Dennis Claxton wrote:
>
> At 07:19 PM 2/4/2010, Carrol Cox wrote:
>
> >In other words, all the posters, though they will deny this loudly,
> >are claiming
> >to be able to rad tea leaves (public opinion now) and on the basis
> >predict the future.
>
> And you're claiming to be able to read minds?
I guess the remark about denial does make tha claim. I withdraw it.
But the rest deals with the rationale of focusing on the present: the present dies as we say this is the present.
Suppose all the des riptions of current u.s. political attitudes are correct. What is the significance for the left in that fact.
My argument is that it has no significance at all; and I refer not just to the "anti-left" views but to the "pro-left" views. For one thing assuming that the present is significant ignores history. Never _once_ have leftists been able to say, if we do this now, many people will joing us and we will have a mass movement.
Now, if you beleive that "progress' comes through persuading voters, then I have nothing to say that will make any sense to you. My premise is that change is brought about ONLY by such movements 'outside' electoral politics, and that such movements have _always_ been minority movements. Moreover, the rise of such movements has always caught by surprise even those whose actions created them. Did you read Eric's post in which he quotes from Anfela. (When she was on the list I wrangled a lot with her; from some of the refereces I have seen to her recetnly, either my views are more closely resembling hers, hers mine, or both.) I do expect _this_ pattern of over two centuries to provide a guide, NOT to actual events in the future but to the _pattern_ of events inside capitalism.
The shift from a more or less conservative period to a period of growing mass activity occurs suddenly, not in any linear progression from the presetn.

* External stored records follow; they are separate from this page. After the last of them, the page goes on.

(* Let $N=2M$ and $\mathbf J=\begin{pmatrix}\mathbf 0&\mathbf I\\-\mathbf I&\mathbf 0\end{pmatrix}\in\mathbb{R}^{N\times N}$. Consider the canonical Hamiltonian system $\dot{\mathbf x}=\mathbf J\nabla H(\mathbf x)$ with $H(\mathbf x)=\tfrac12\mathbf x^\intercal\mathbf A\mathbf x+f(\mathbf x)$, where $\mathbf A\in\mathbb{R}^{N\times N}$ is symmetric and $f:\mathbb{R}^N\to\mathbb{R}$ is differentiable. Let $\mathbf X\in\mathbb{R}^{N\times n_s}$ collect snapshots $\mathbf x(t_i)=(\mathbf q(t_i),\mathbf p(t_i))$ of a solution at times $t_i$ with time step $\Delta t$, let $\mathbf X_t$ collect approximations $\mathbf x_t(t_i)$ of $\dot{\mathbf x}(t_i)$, and let $\nabla f(\mathbf X)$ collect the values $\nabla f(\mathbf x(t_i))$. Let $\mathbf U=\operatorname{diag}(\bar{\mathbf U},\bar{\mathbf U})\in\mathbb{R}^{N\times n}$, $n=2m$, be a cotangent lift POD basis, set $\hat{\mathbf J}=\mathbf U^\intercal\mathbf J\mathbf U$, $\hat{\mathbf X}=\mathbf U^\intercal\mathbf X$, $\hat{\mathbf X}_t=\mathbf U^\intercal\mathbf X_t$, $\hat\nabla f(\mathbf X)=\mathbf U^\intercal\nabla f(\mathbf X)$, and let $\hat{\mathbf A}\in\mathbb{R}^{n\times n}$ be the solution of \[\big(\mathbf I\otimes\hat{\mathbf X}\hat{\mathbf X}^\intercal+\hat{\mathbf X}\hat{\mathbf X}^\intercal\otimes\mathbf I\big)\operatorname{vec}\hat{\mathbf A}=\operatorname{vec}\big(\hat{\mathbf J}^\intercal\hat{\mathbf X}_t\hat{\mathbf X}^\intercal+\hat{\mathbf X}\hat{\mathbf X}_t^\intercal\hat{\mathbf J}-\hat\nabla f(\mathbf X)\hat{\mathbf X}^\intercal-\hat{\mathbf X}\hat\nabla f(\mathbf X)^\intercal\big).\] Assume: (i) for every $\mathbf x\in\mathbb{R}^N$, $\lim_{n\to N}\|(\mathbf I-\mathbf U\mathbf U^\intercal)\mathbf x\|=0$; (ii) $\lim_{\Delta t\to0}\max_i\|\mathbf x_t(t_i)-\dot{\mathbf x}(t_i)\|=0$; (iii) $\mathbf X$ and $\nabla H(\mathbf X)$ have maximal rank. Then $\hat{\mathbf A}$ converges to the intrusive operator $\bar{\mathbf A}=\mathbf U^\intercal\mathbf A\mathbf U$ as $\Delta t\to0$ and $n\to N$.
   Context: Cotangent lift basis: writing $\mathbf X=\begin{pmatrix}\mathbf X_q\\\mathbf X_p\end{pmatrix}$ with $\mathbf X_q,\mathbf X_p\in\mathbb{R}^{M\times n_s}$, $\bar{\mathbf U}\in\mathbb{R}^{M\times m}$ consists of the first $m$ left singular vectors of the concatenated matrix $(\mathbf X_q\ \mathbf X_p)\in\mathbb{R}^{M\times 2n_s}$; then $\mathbf U^\intercal\mathbf U=\mathbf I$ and $\hat{\mathbf J}$ is the canonical symplectic matrix of dimension $n$, so $\hat{\mathbf J}^\intercal\hat{\mathbf J}=\mathbf I$. $\otimes$ is the Kronecker product and $\operatorname{vec}$ stacks columns. The linear system above characterizes the minimizer of $\|\hat{\mathbf X}_t-\hat{\mathbf J}(\mathbf M\hat{\mathbf X}+\hat\nabla f(\mathbf X))\|^2$ over symmetric $\mathbf M\in\mathbb{R}^{n\times n}$. *)

theory Defs
  imports "HOL-Analysis.Analysis"
begin

text \<open>Phase space R^N with N = 2M is indexed by the finite type 'm + 'm:
  Inl a are the q-coordinates, Inr a the p-coordinates.\<close>

definition Jmat :: "real^('m::finite + 'm)^('m + 'm)" where
  "Jmat = (\<chi> i j. case (i, j) of
       (Inl a, Inr b) \<Rightarrow> (if a = b then 1 else 0)
     | (Inr a, Inl b) \<Rightarrow> (if a = b then -1 else 0)
     | _ \<Rightarrow> 0)"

That does not say that knowledge of the present and near past is not important, it is. (I agree with Michael Yates on that.) But (1) to ground hope or fear on the present is just being silly. And it is worse than silly if leeft action is grounded in attempting to change the present in anyu linear direction. We have to act AS IF people will respond to the kind of calls to mass action that constitute actual left practice. They won't just now. Next year? Who knows. The year after? Who knows. In bloomingotn/Normal we continue to hold ourpathetic little 30-minuteanti-war demo of 15 or so people on the first Thursday of each month: 5;30 to 6:00. Does it do any good? Of course not, but that's a stupid question. Will the regular practice of it make a difference if a change we haven't predicted nor could predict happens? Yes: that kind of activity will suddenly, to our surprise and the surpise of efveryone else carrying out such activity -- it will change the world in tremendous and unheard of ways. It has in the past. It will in the future. The NASCP had been meaninglessly going through its various rituals and talking to each other about how to organize the next one and so forth and suddently that activity generated the Rosa Parks episode, and the wrold began to blow up.
Do you have any idea at all at how overwhelmingly resistant the U.S. public of the '50s was to any kind of disturbing activity? How long liberals (like me) thought it would be before there could be reall change on race? How silly the Montgomery NAACP was. They stupidly didn't bother to pay attention to the public opinion polls.
I think leftists simply are not thinking straight or honoring their own history when they pay so much attention to "how things are."